## Task prompt
Retype, word for word, each line between the lines holding "(G 3 0 1, W 3), (G" and "(G 3 0 1, G 7 1 2), (G", inclusive, and leave the rest of the data alone.

════════

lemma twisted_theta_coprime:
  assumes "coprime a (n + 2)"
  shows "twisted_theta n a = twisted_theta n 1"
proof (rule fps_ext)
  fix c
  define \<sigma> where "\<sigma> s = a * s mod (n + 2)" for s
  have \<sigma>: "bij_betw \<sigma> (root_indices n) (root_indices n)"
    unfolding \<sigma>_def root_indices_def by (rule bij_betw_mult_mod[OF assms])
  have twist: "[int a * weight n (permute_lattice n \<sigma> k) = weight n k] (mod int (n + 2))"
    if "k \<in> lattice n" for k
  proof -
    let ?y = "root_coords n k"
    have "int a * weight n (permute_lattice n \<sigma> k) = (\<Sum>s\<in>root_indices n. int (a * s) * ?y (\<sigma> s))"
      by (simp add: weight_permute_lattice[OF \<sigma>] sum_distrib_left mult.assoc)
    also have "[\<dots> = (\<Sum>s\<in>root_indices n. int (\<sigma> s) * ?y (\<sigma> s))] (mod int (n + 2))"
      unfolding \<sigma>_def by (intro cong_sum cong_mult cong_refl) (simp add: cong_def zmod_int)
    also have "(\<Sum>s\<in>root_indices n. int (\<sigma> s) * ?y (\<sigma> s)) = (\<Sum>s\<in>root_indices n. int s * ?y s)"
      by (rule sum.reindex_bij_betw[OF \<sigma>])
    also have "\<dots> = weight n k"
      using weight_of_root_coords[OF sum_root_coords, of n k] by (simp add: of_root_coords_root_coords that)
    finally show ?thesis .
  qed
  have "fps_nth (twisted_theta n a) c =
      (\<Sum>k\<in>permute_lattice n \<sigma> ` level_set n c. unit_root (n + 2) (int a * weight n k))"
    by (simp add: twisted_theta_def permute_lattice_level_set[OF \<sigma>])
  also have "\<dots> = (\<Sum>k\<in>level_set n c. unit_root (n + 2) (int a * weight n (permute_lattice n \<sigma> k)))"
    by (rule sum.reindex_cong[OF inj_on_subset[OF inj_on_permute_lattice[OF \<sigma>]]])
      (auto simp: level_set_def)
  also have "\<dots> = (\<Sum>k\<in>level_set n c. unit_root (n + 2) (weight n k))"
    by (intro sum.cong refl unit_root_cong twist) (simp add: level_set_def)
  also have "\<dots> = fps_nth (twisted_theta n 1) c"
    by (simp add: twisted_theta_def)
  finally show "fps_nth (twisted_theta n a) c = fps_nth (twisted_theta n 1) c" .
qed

════════

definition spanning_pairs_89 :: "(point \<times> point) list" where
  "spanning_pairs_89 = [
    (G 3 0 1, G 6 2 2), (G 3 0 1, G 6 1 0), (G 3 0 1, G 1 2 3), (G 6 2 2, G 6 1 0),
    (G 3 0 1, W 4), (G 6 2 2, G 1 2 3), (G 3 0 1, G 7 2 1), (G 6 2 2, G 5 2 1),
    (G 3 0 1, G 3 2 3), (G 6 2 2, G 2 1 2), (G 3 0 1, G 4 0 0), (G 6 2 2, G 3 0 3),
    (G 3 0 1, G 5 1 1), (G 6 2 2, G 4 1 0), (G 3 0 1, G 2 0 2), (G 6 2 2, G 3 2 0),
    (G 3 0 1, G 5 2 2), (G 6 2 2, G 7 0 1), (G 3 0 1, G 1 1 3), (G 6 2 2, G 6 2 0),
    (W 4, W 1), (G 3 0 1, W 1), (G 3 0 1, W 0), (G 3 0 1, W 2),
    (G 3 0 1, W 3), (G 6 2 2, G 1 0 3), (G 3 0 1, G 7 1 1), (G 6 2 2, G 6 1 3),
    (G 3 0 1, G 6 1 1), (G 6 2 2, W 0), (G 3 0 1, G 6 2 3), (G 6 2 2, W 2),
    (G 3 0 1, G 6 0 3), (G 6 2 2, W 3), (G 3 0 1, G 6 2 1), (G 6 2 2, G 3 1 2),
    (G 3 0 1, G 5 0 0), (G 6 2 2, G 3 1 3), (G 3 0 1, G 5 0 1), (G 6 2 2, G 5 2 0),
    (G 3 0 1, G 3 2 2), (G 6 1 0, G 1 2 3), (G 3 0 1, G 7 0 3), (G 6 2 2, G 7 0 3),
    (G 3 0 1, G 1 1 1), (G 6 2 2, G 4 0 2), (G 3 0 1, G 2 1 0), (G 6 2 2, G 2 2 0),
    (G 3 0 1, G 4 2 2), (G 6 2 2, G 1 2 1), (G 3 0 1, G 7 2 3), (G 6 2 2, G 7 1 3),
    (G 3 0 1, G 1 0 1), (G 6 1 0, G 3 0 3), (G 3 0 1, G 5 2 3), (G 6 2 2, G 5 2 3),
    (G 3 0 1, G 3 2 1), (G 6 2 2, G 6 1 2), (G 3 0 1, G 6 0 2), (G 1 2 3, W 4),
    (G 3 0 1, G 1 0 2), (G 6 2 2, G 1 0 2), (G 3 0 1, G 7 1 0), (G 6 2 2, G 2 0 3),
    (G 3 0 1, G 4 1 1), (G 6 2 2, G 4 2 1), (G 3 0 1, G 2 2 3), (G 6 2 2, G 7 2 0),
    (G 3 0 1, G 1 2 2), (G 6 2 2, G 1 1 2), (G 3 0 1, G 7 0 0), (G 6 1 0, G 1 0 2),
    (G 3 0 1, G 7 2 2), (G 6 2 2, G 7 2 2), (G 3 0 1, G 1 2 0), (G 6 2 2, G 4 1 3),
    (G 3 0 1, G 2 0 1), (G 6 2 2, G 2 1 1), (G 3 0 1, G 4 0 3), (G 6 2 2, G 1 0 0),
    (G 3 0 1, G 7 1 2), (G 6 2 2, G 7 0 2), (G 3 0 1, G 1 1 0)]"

════════

## Answer below
    (G 3 0 1, W 3), (G 6 2 2, G 1 0 3), (G 3 0 1, G 7 1 1), (G 6 2 2, G 6 1 3),
    (G 3 0 1, G 6 1 1), (G 6 2 2, W 0), (G 3 0 1, G 6 2 3), (G 6 2 2, W 2),
    (G 3 0 1, G 6 0 3), (G 6 2 2, W 3), (G 3 0 1, G 6 2 1), (G 6 2 2, G 3 1 2),
    (G 3 0 1, G 5 0 0), (G 6 2 2, G 3 1 3), (G 3 0 1, G 5 0 1), (G 6 2 2, G 5 2 0),
    (G 3 0 1, G 3 2 2), (G 6 1 0, G 1 2 3), (G 3 0 1, G 7 0 3), (G 6 2 2, G 7 0 3),
    (G 3 0 1, G 1 1 1), (G 6 2 2, G 4 0 2), (G 3 0 1, G 2 1 0), (G 6 2 2, G 2 2 0),
    (G 3 0 1, G 4 2 2), (G 6 2 2, G 1 2 1), (G 3 0 1, G 7 2 3), (G 6 2 2, G 7 1 3),
    (G 3 0 1, G 1 0 1), (G 6 1 0, G 3 0 3), (G 3 0 1, G 5 2 3), (G 6 2 2, G 5 2 3),
    (G 3 0 1, G 3 2 1), (G 6 2 2, G 6 1 2), (G 3 0 1, G 6 0 2), (G 1 2 3, W 4),
    (G 3 0 1, G 1 0 2), (G 6 2 2, G 1 0 2), (G 3 0 1, G 7 1 0), (G 6 2 2, G 2 0 3),
    (G 3 0 1, G 4 1 1), (G 6 2 2, G 4 2 1), (G 3 0 1, G 2 2 3), (G 6 2 2, G 7 2 0),
    (G 3 0 1, G 1 2 2), (G 6 2 2, G 1 1 2), (G 3 0 1, G 7 0 0), (G 6 1 0, G 1 0 2),
    (G 3 0 1, G 7 2 2), (G 6 2 2, G 7 2 2), (G 3 0 1, G 1 2 0), (G 6 2 2, G 4 1 3),
    (G 3 0 1, G 2 0 1), (G 6 2 2, G 2 1 1), (G 3 0 1, G 4 0 3), (G 6 2 2, G 1 0 0),
    (G 3 0 1, G 7 1 2), (G 6 2 2, G 7 0 2), (G 3 0 1, G 1 1 0)]"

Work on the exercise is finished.